Die Großmutter-Theorie
Die US-amerikanische Soziobiologin und Anthropologin Sarah Blaffer Hrdy entwickelt in ihrem spannenden Buch Mütter und andere (Berlin 2010) die Theorie, dass alles mit der Fürsorge für den Nachwuchs begann. Menschenaffenbabys bleiben ja jahrelang von Erwachsenen abhängig und sind alleine nicht überlebensfähig. Sie werden von ihren Müttern gesäugt und gefüttert, bis sie ungefähr fünf Jahre alt sind. Der Preis dafür ist, dass die Mütter während dieser ersten Jahre nicht wieder schwanger werden können. Andere Gruppenmitglieder beschäftigen sich zuweilen auch mit den Kleinen, aber die Hauptarbeit liegt ganz klar bei der leiblichen Mutter. Genau hier setzt der kleine Unterschied ein, mit dem sich Hrdys Meinung nach die Frühmenschen von ihren Cousins trennten. Mütter begannen, Helfer einzuspannen und die Fürsorge für die Erziehung der Kleinen mit anderen Verwandten zu teilen: mit den Vätern, aber auch mit anderen Familienmitgliedern – allen voran mit den eigenen Müttern. Diese Großmütter, die im günstigen Fall noch Jahre nach ihrer letzten eigenen Schwangerschaft lebten, halfen bei der Aufzucht ihrer Enkel und machten so den entscheidenden Unterschied. Sie trugen dazu bei, dass Mütter früher wieder schwanger wurden und dass die eigenen langlebigen Gene weitergegeben wurden, sodass auch diese Kinder später alt genug werden würden, um wiederum in die Großelternrolle schlüpfen zu können. Neuere Forschung der Anthropologen James Coxworth und Kristen Hawkes weist noch auf einen weiteren, möglichen »Oma-Effekt«: Dass nämlich Mütter, deren Kinder in einer Großfamilie gut versorgt wurden, nicht nur mehr Kinder bekamen, sondern sich auch fester an die jeweiligen Väter banden und so monogame Zweierbeziehungen die Regel wurden.
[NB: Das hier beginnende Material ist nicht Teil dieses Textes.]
lemma size_le_if_in_partitions: "lam \<in> partitions n \<Longrightarrow> size lam \<le> n"
  unfolding partitions_def using size_le_sum_mset by auto

lemma finite_partitions: "finite (partitions n)"
proof (rule finite_subset)
  show "partitions n \<subseteq> (\<Union>k\<le>n. multisets_of_size {1..n} k)"
  proof
    fix lam assume lam: "lam \<in> partitions n"
    then have "set_mset lam \<subseteq> {1..n}"
      by (auto simp: partitions_def Suc_le_eq intro: member_le_sum_mset)
    with lam show "lam \<in> (\<Union>k\<le>n. multisets_of_size {1..n} k)"
      by (auto simp: multisets_of_size_def size_le_if_in_partitions)
  qed
qed auto

definition partitions_of_length :: "nat \<Rightarrow> nat \<Rightarrow> nat multiset set" where
  "partitions_of_length k n = {lam \<in> partitions n. size lam = k}"

lemma finite_partitions_of_length: "finite (partitions_of_length k n)"
  unfolding partitions_of_length_def using finite_partitions by simp

lemma partitions_of_length_0: "partitions_of_length 0 n = (if n = 0 then {{#}} else {})"
  unfolding partitions_of_length_def partitions_def by auto

lemma add_mset_in_partitions_of_length_iff:
  "add_mset i M \<in> partitions_of_length (Suc k) n \<longleftrightarrow>
     i \<in> {1..n} \<and> M \<in> partitions_of_length k (n - i)"
  unfolding partitions_of_length_def partitions_def by auto

lemma in_partitions_of_length_Suc_iff:
  "i \<in># lam \<Longrightarrow> lam \<in> partitions_of_length (Suc k) n \<longleftrightarrow>
     i \<in> {1..n} \<and> lam - {#i#} \<in> partitions_of_length k (n - i)"
  by (metis add_mset_in_partitions_of_length_iff insert_DiffM)

definition mult_fact :: "nat multiset \<Rightarrow> 'a::{comm_semiring_1,semiring_char_0}" where
  "mult_fact lam = (\<Prod>j\<in>set_mset lam. fact (count lam j))"

lemma mult_fact_add_mset:
  "mult_fact (add_mset i M) = of_nat (Suc (count M i)) * mult_fact M"
proof -
  let ?R = "\<lambda>N. \<Prod>j\<in>set_mset M - {i}. fact (count N j)"
  have "mult_fact M = (\<Prod>j\<in>insert i (set_mset M). fact (count M j))"
    unfolding mult_fact_def by (rule prod.mono_neutral_left) (auto simp: not_in_iff)
  also have "\<dots> = fact (count M i) * ?R M"
    by (simp add: prod.insert_remove)
  finally have "mult_fact M = fact (count M i) * ?R M" .
  moreover have "mult_fact (add_mset i M) = fact (Suc (count M i)) * ?R (add_mset i M)"
    unfolding mult_fact_def by (simp add: prod.insert_remove)
  moreover have "?R (add_mset i M) = ?R M"
    by (rule prod.cong) auto
  ultimately show ?thesis
    by (metis fact_Suc mult.assoc)
qed

definition partition_weight :: "(nat \<Rightarrow> 'a::field_char_0) \<Rightarrow> nat multiset \<Rightarrow> 'a" where
  "partition_weight c lam = (\<Prod>i\<in>#lam. c i) / mult_fact lam"

lemma partition_weight_empty [simp]: "partition_weight c {#} = 1"
  by (simp add: partition_weight_def mult_fact_def)

lemma partition_weight_cong:
  "(\<And>i. i \<in># lam \<Longrightarrow> c i = d i) \<Longrightarrow> partition_weight c lam = partition_weight d lam"
  unfolding partition_weight_def by (metis image_mset_cong)

lemma partition_weight_add_mset:
  fixes c :: "nat \<Rightarrow> 'a::field_char_0"
  shows "c i * partition_weight c M = of_nat (Suc (count M i)) * partition_weight c (add_mset i M)"
proof -
  have "mult_fact M \<noteq> (0::'a)"
    by (simp add: mult_fact_def)
  then show ?thesis
    unfolding partition_weight_def mult_fact_add_mset
    by (simp add: field_simps del: of_nat_Suc)
qed

text \<open>Removing a part \<open>i\<close> multiplies the weight by \<open>count lam i / c i\<close>, so summing over the
  distinct parts counts every part of \<open>lam\<close> once.\<close>
lemma size_mult_partition_weight:
  fixes c :: "nat \<Rightarrow> 'a::field_char_0"
  shows "of_nat (size lam) * partition_weight c lam
           = (\<Sum>i\<in>set_mset lam. c i * partition_weight c (lam - {#i#}))"
proof -
  have "c i * partition_weight c (lam - {#i#}) = of_nat (count lam i) * partition_weight c lam"
    if "i \<in># lam" for i
    using partition_weight_add_mset[of c i "lam - {#i#}"] that
    by (simp add: Suc_pred' del: of_nat_Suc)
  then have "(\<Sum>i\<in>set_mset lam. c i * partition_weight c (lam - {#i#}))
               = of_nat (\<Sum>i\<in>set_mset lam. count lam i) * partition_weight c lam"
    by (simp add: sum_distrib_right)
  then show ?thesis
    by (simp add: size_multiset_overloaded_eq)
qed

lemma sum_partition_weight_Suc_length:
  fixes c :: "nat \<Rightarrow> 'a::field_char_0"
  shows "of_nat (Suc k) * (\<Sum>lam\<in>partitions_of_length (Suc k) n. partition_weight c lam)
           = (\<Sum>i\<in>{1..n}. c i * (\<Sum>mu\<in>partitions_of_length k (n - i). partition_weight c mu))"
proof -
  let ?w = "partition_weight c"
  let ?S = "Sigma (partitions_of_length (Suc k) n) set_mset"
  let ?T = "Sigma {1..n} (\<lambda>i. partitions_of_length k (n - i))"
  have "of_nat (Suc k) * (\<Sum>lam\<in>partitions_of_length (Suc k) n. ?w lam)
          = (\<Sum>lam\<in>partitions_of_length (Suc k) n. of_nat (size lam) * ?w lam)"
    unfolding sum_distrib_left by (rule sum.cong) (auto simp: partitions_of_length_def)
  also have "\<dots> = (\<Sum>(lam, i)\<in>?S. c i * ?w (lam - {#i#}))"
    by (simp add: size_mult_partition_weight sum.Sigma finite_partitions_of_length)
  also have "\<dots> = (\<Sum>(i, mu)\<in>?T. c i * ?w mu)"
    by (rule sum.reindex_bij_witness[where j = "\<lambda>(lam, i). (i, lam - {#i#})"
          and i = "\<lambda>(i, mu). (add_mset i mu, i)"])
      (auto simp: add_mset_in_partitions_of_length_iff in_partitions_of_length_Suc_iff)
  also have "\<dots> = (\<Sum>i\<in>{1..n}. c i * (\<Sum>mu\<in>partitions_of_length k (n - i). ?w mu))"
    by (simp add: sum.Sigma[symmetric] finite_partitions_of_length sum_distrib_left)
  finally show ?thesis .
qed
Dass sich die soziale Struktur der frühen Menschen langsam veränderte, hatte weitreichende Konsequenzen für die Entwicklung des menschlichen Gehirns. Denn das kleine Baby hatte es bis zu einem gewissen Grad selbst in der Hand, wie gut es versorgt wurde. Wenn es ihm gelang, die Erwachsenen für sich einzunehmen, sie an sich zu binden, dann vergrößerten sich die Chancen, dass es auch die Zuwendung bekam, die es für eine gesunde Entwicklung brauchte. Dafür brauchte es neue Fähigkeiten: Es musste lernen, die Befindlichkeiten der Erwachsenen zu verstehen und vorherzusehen, es musste lernen, sich in andere hineinzuversetzen. Es musste die Kunst der Kommunikation erlernen und selbst umgänglich sein. Je einfühlsamer Kinder und Erwachsene sich begegneten, je empathischer sie waren, umso häufiger überlebten sie und konnten ihre Gene weitergeben. Von hier führt der Weg zu weiteren Entwicklungsschritten: Wer sich gut in andere hineinversetzen kann, plant besser und kann seine Intelligenz besser einsetzen. Kommunikative Bedürfnisse begünstigen die Entwicklung der Sprache. Die Intelligenz wird angeregt und führt zu planvollem und bewusstem Verhalten. Einerseits wären die Errungenschaften der Menschheit der letzten Jahrtausende nicht möglich gewesen, wenn der Mensch nicht ein Wesen wäre, das über Empathie, Einfühlungsvermögen, Intelligenz und Gemeinschaftssinn verfügte. Andererseits bedeutet dies aber auch, dass der Mensch ohne Bindung und Gemeinschaft nur schwer Sinnhaftigkeit erfahren kann und im Falle des Verlustes von Bindung und Gemeinschaft großes seelisches Leid erfährt.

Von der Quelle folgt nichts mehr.